That app needs to keep track about what files will be stored anyway, i.e.
it has to have some internal representation of the target hierarchy. So it
would be stupid if it actually called ppfCopy () immediately at each drag

>PFile can check that there is enough free space to write a pak in its
>intirety before beginning to write it.

Hmm, ok, that's a point. 

>If something goes wrong during the construction of the pak, then the size of
>the pak file will be equal to the combined sizes of the files included up to
>the point of something going wrong. If writing is delayed, the size of the
>pak file in this cirsumstance will be small, and it actually really doesn't
>even have to exist before its written (even though the current
>implementation creates it anyway).

See my note concerning that somewhere at the top of the mail.

>I said I thougth it would be easier to follow the progress of the complete
>process if the writing of the pak file was done all at the same time. The
>reason for this is that it would then be possible to move the reponsibility
>of keeping track of progress from the client program, to PFile itself, so
>each and every client that needs this functionality doens't have to
>implement it. PFile will not be able to do this otherwise, as it won't know
>how many files there are to go, or how large those files are. If it waits
>for the umount, all information will be available, so it can accurately tell
>how far it has already gone, and how much is left.

ppfCopy () is designed to be able to copy entire directory hierarchies at
once so it also has that info even when it immediately writes the file
data.
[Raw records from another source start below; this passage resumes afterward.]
(* Let $\{P_n\}$, $\{R_n\}$, $\{S_n\}$ be Brenke polynomial sets with exponential generating functions $A_1(t)B_1(xt)$, $A_2(t)B_2(xt)$, $A_3(t)B_3(xt)$ respectively, where $A_i(t)=\sum_ka^{(i)}_kt^k$, $B_i(t)=\sum_kb^{(i)}_kt^k$, $a^{(i)}_0b^{(i)}_k\ne0$ for all $k$, $i=1,2,3$. Define $L_{ij}(k)$ by $R_i(x)S_j(x)=\sum_{k=0}^{i+j}L_{ij}(k)P_k(x)$. Let $\Omega$ be the linear map from formal power series in one variable $u$ to formal power series in two variables $s,t$ defined termwise by $$\Omega(u^n)=\sum_{l=0}^n\frac{b^{(2)}_l\,b^{(3)}_{n-l}}{b^{(1)}_n}s^lt^{n-l}$$ (in the paper's notation $\Omega=\theta^{(2)}_s\theta^{(3)}_t(\theta^{(1)}_{s+t})^{-1}$ applied to functions of $s+t$, where $\theta^{(i)}(t^n)=n!\,b^{(i)}_nt^n$). Then for every $k\ge0$, $$\frac{A_2(s)A_3(t)}{k!}\,\Omega\!\left(\frac{u^k}{A_1(u)}\right)=\sum_{i,j\ge0}\frac{L_{ij}(k)}{i!\,j!}s^it^j .$$
   Context: A Brenke polynomial set is a sequence of polynomials $P_n$ with $\deg P_n=n$ generated as formal power series in $t$ by $A(t)B(xt)=\sum_{n\ge0}P_n(x)t^n/n!$, where $A(0)\neq0$ and all Taylor coefficients of $B$ are nonzero. $L_{ij}(k)$ is understood to be $0$ for $k>i+j$. *)

theory Defs
  imports "HOL-Computational_Algebra.Polynomial" "HOL-Computational_Algebra.Formal_Power_Series"
begin

text \<open>Brenke polynomial generated by A(t)B(xt) = \<Sum> P_n(x) t^n / n!:
  P_n(x) = n! \<Sum>_{k\<le>n} a_{n-k} b_k x^k.\<close>
definition brenke_poly :: "'a::field_char_0 fps \<Rightarrow> 'a fps \<Rightarrow> nat \<Rightarrow> 'a poly" where
  "brenke_poly A B n =
     (\<Sum>k\<le>n. monom (fact n * fps_nth A (n - k) * fps_nth B k) k)"

definition brenke_gf :: "'a::field_char_0 fps \<Rightarrow> 'a fps \<Rightarrow> bool" where
  "brenke_gf A B \<longleftrightarrow> fps_nth A 0 \<noteq> 0 \<and> (\<forall>k. fps_nth B k \<noteq> 0)"

text \<open>Formal power series in two variables s,t represented by their coefficient
  function: F i j is the coefficient of s^i t^j.\<close>
type_synonym 'a fps2 = "nat \<Rightarrow> nat \<Rightarrow> 'a"

definition Omega :: "'a::field_char_0 fps \<Rightarrow> 'a fps \<Rightarrow> 'a fps \<Rightarrow> 'a fps \<Rightarrow> 'a fps2" where
  "Omega B1 B2 B3 f = (\<lambda>l m. fps_nth f (l + m) * fps_nth B2 l * fps_nth B3 m / fps_nth B1 (l + m))"

definition mult_st :: "'a::field_char_0 fps \<Rightarrow> 'a fps \<Rightarrow> 'a fps2 \<Rightarrow> 'a fps2" where
  "mult_st A C F = (\<lambda>i j. \<Sum>p\<le>i. \<Sum>q\<le>j. fps_nth A p * fps_nth C q * F (i - p) (j - q))"

end

theory Submission
  imports Defs
begin

text \<open>Pair a polynomial coefficientwise with the sequence f_n / b1_n, where b1 = B1.
  This linear functional sends P_m to m! (f A1)_m, so for f = u^k / A1 it is biorthogonal to
  the P_m and extracts k! L(i,j,k) from R_i S_j. Evaluated termwise on the product R_i S_j,
  the same functional is i! j! times the (i,j) coefficient of A2(s) A3(t) Omega(f).\<close>

definition coeff_pairing :: "(nat \<Rightarrow> 'a::comm_semiring_1) \<Rightarrow> 'a poly \<Rightarrow> 'a" where
  "coeff_pairing g p = (\<Sum>n\<le>degree p. coeff p n * g n)"

lemma coeff_pairing_bounded:
  assumes "degree p \<le> M"
  shows "coeff_pairing g p = (\<Sum>n\<le>M. coeff p n * g n)"
  unfolding coeff_pairing_def
  using assms by (intro sum.mono_neutral_left) (auto simp: coeff_eq_0)

lemma coeff_pairing_add: "coeff_pairing g (p + q) = coeff_pairing g p + coeff_pairing g q"
proof -
  define M where "M = max (degree p) (degree q)"
  have "degree (p + q) \<le> M" "degree p \<le> M" "degree q \<le> M"
    unfolding M_def using degree_add_le_max by auto
  then show ?thesis
    by (simp add: coeff_pairing_bounded[of _ M] sum.distrib distrib_right)
qed

lemma coeff_pairing_smult: "coeff_pairing g (smult c p) = c * coeff_pairing g p"
proof -
  have "coeff_pairing g (smult c p) = (\<Sum>n\<le>degree p. coeff (smult c p) n * g n)"
    by (rule coeff_pairing_bounded[OF degree_smult_le])
  then show ?thesis
    by (simp add: coeff_pairing_def sum_distrib_left mult.assoc)
qed

lemma coeff_pairing_sum:
  "coeff_pairing g (\<Sum>k\<in>K. p k) = (\<Sum>k\<in>K. coeff_pairing g (p k))"
proof (induction K rule: infinite_finite_induct)
  case (insert k K)
  then show ?case by (simp add: coeff_pairing_add)
qed (simp_all add: coeff_pairing_def)

lemma coeff_pairing_mult:
  assumes "degree p \<le> m" and "degree q \<le> n"
  shows "coeff_pairing g (p * q) = (\<Sum>a\<le>m. \<Sum>b\<le>n. coeff p a * coeff q b * g (a + b))"
proof -
  have "degree (p * q) \<le> m + n"
    using assms degree_mult_le[of p q] by linarith
  then have "coeff_pairing g (p * q) = (\<Sum>c\<le>m + n. \<Sum>a\<le>c. coeff p a * coeff q (c - a) * g (a + (c - a)))"
    by (simp add: coeff_pairing_bounded coeff_mult sum_distrib_right)
  also have "\<dots> = (\<Sum>(a, b)\<in>{(a, b). a + b \<le> m + n}. coeff p a * coeff q b * g (a + b))"
    by (rule sum.triangle_reindex_eq[symmetric])
  also have "\<dots> = (\<Sum>(a, b)\<in>{..m} \<times> {..n}. coeff p a * coeff q b * g (a + b))"
  proof (rule sum.mono_neutral_right)
    show "finite {(a, b). a + b \<le> m + n}"
      by (rule finite_subset[of _ "{..m + n} \<times> {..m + n}"]) auto
    have "coeff p a * coeff q b * g (a + b) = 0" if "(a, b) \<notin> {..m} \<times> {..n}" for a b
      using that assms coeff_eq_0[of p a] coeff_eq_0[of q b] by auto
    then show "\<forall>i\<in>{(a, b). a + b \<le> m + n} - {..m} \<times> {..n}.
                 (case i of (a, b) \<Rightarrow> coeff p a * coeff q b * g (a + b)) = 0"
      by auto
  qed auto
  finally show ?thesis
    by (simp add: sum.cartesian_product)
qed

lemma coeff_brenke_poly:
  "coeff (brenke_poly A B n) m = (if m \<le> n then fact n * fps_nth A (n - m) * fps_nth B m else 0)"
  unfolding brenke_poly_def by (simp add: coeff_sum coeff_monom)

lemma degree_brenke_poly_le: "degree (brenke_poly A B n) \<le> n"
  by (rule degree_le) (simp add: coeff_brenke_poly)

lemma coeff_pairing_brenke_poly:
  fixes A B f :: "'a::field_char_0 fps"
  assumes "\<And>n. fps_nth B n \<noteq> 0"
  shows "coeff_pairing (\<lambda>n. fps_nth f n / fps_nth B n) (brenke_poly A B m)
           = fact m * fps_nth (f * A) m"
proof -
  have "coeff_pairing (\<lambda>n. fps_nth f n / fps_nth B n) (brenke_poly A B m)
          = (\<Sum>n\<le>m. fact m * (fps_nth f n * fps_nth A (m - n)))"
    using assms
    by (simp add: coeff_pairing_bounded[OF degree_brenke_poly_le] coeff_brenke_poly ac_simps)
  then show ?thesis
    by (simp add: fps_mult_nth sum_distrib_left atMost_atLeast0)
qed

lemma sum_atMost_reflect:
  fixes h :: "nat \<Rightarrow> 'a::comm_monoid_add"
  shows "(\<Sum>p\<le>n. h (n - p)) = (\<Sum>p\<le>n. h p)"
  using sum.atLeastAtMost_rev[of h 0 n] by (simp add: atMost_atLeast0)

lemma mult_st_Omega_eq_coeff_pairing:
  "fact i * fact j * mult_st A2 A3 (Omega B1 B2 B3 f) i j
     = coeff_pairing (\<lambda>n. fps_nth f n / fps_nth B1 n)
         (brenke_poly A2 B2 i * brenke_poly A3 B3 j)"
proof -
  define R where "R = brenke_poly A2 B2 i"
  define S where "S = brenke_poly A3 B3 j"
  define g where "g = (\<lambda>n. fps_nth f n / fps_nth B1 n)"
  have "fact i * fact j * mult_st A2 A3 (Omega B1 B2 B3 f) i j
      = (\<Sum>p\<le>i. \<Sum>q\<le>j. coeff R (i - p) * coeff S (j - q) * g ((i - p) + (j - q)))"
    unfolding mult_st_def Omega_def sum_distrib_left
    by (intro sum.cong refl) (simp add: R_def S_def g_def coeff_brenke_poly)
  also have "\<dots> = (\<Sum>p\<le>i. \<Sum>q\<le>j. coeff R p * coeff S q * g (p + q))"
    by (subst sum_atMost_reflect[of "\<lambda>p. \<Sum>q\<le>j. coeff R p * coeff S (j - q) * g (p + (j - q))"])
       (intro sum.cong refl sum_atMost_reflect[of "\<lambda>q. coeff R _ * coeff S q * g (_ + q)"])
  also have "\<dots> = coeff_pairing g (R * S)"
    unfolding R_def S_def by (rule coeff_pairing_mult[symmetric]) (rule degree_brenke_poly_le)+
  finally show ?thesis
    by (simp add: R_def S_def g_def)
qed

theorem mainTheorem8:
  fixes A1 B1 A2 B2 A3 B3 :: "'a::field_char_0 fps"
    and L :: "nat \<Rightarrow> nat \<Rightarrow> nat \<Rightarrow> 'a"
  assumes "brenke_gf A1 B1" and "brenke_gf A2 B2" and "brenke_gf A3 B3"
    and L_expand: "\<And>i j. brenke_poly A2 B2 i * brenke_poly A3 B3 j
                      = (\<Sum>k\<le>i + j. smult (L i j k) (brenke_poly A1 B1 k))"
    and L_zero: "\<And>i j k. k > i + j \<Longrightarrow> L i j k = 0"
  shows "\<forall>k i j. mult_st A2 A3 (Omega B1 B2 B3 (fps_X ^ k * inverse A1)) i j / fact k
                  = L i j k / (fact i * fact j)"
proof (intro allI)
  fix k i j :: nat
  define f where "f = fps_X ^ k * inverse A1"
  have A1_0: "fps_nth A1 0 \<noteq> 0" and B1_nz: "\<And>n. fps_nth B1 n \<noteq> 0"
    using assms(1) by (auto simp: brenke_gf_def)
  have "f * A1 = fps_X ^ k"
    using inverse_mult_eq_1[OF A1_0] by (simp add: f_def mult.assoc)
  then have "fact i * fact j * mult_st A2 A3 (Omega B1 B2 B3 f) i j
      = (\<Sum>k'\<le>i + j. L i j k' * (fact k' * (if k' = k then 1 else 0)))"
    by (simp add: mult_st_Omega_eq_coeff_pairing L_expand coeff_pairing_sum
                  coeff_pairing_smult coeff_pairing_brenke_poly[OF B1_nz] fps_X_power_nth)
  also have "\<dots> = L i j k * fact k"
    using L_zero[of i j k] by (auto simp: sum.delta' if_distrib cong: if_cong)
  finally show "mult_st A2 A3 (Omega B1 B2 B3 (fps_X ^ k * inverse A1)) i j / fact k
                  = L i j k / (fact i * fact j)"
    unfolding f_def by (simp add: field_simps)
qed

end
Ok, it propably doesn't know how much directory info has to be
written, but that's no issue. The point is that it's up to the user - if he
wants to copy file-by-file, fine. If he wants PFile to assemble the entire
thing at once, ok, it does that.
And it's much more intuitive if the copy operation actually happens when
you call, well, the copy command. And that this copy command only succeeds
if the copy operation succeeded.

>We could provide for some kind of call-back that would be called each time
>1% of the job had been completed.

Yup, that would be good. But that's for later.

>btw, are we going to implement our own caching rutines for pakfile reading?
>If we do, we can avoid reading past the end of a file contained in a

No. Caching is the job of the OS. And if the OS knows that it's better to
read the data in 4096 Byte chunks, even if the requested file is only 200
Bytes long, then fine. We can't bypass OS caching anyway.


Drive A: not responding...Formatting C: instead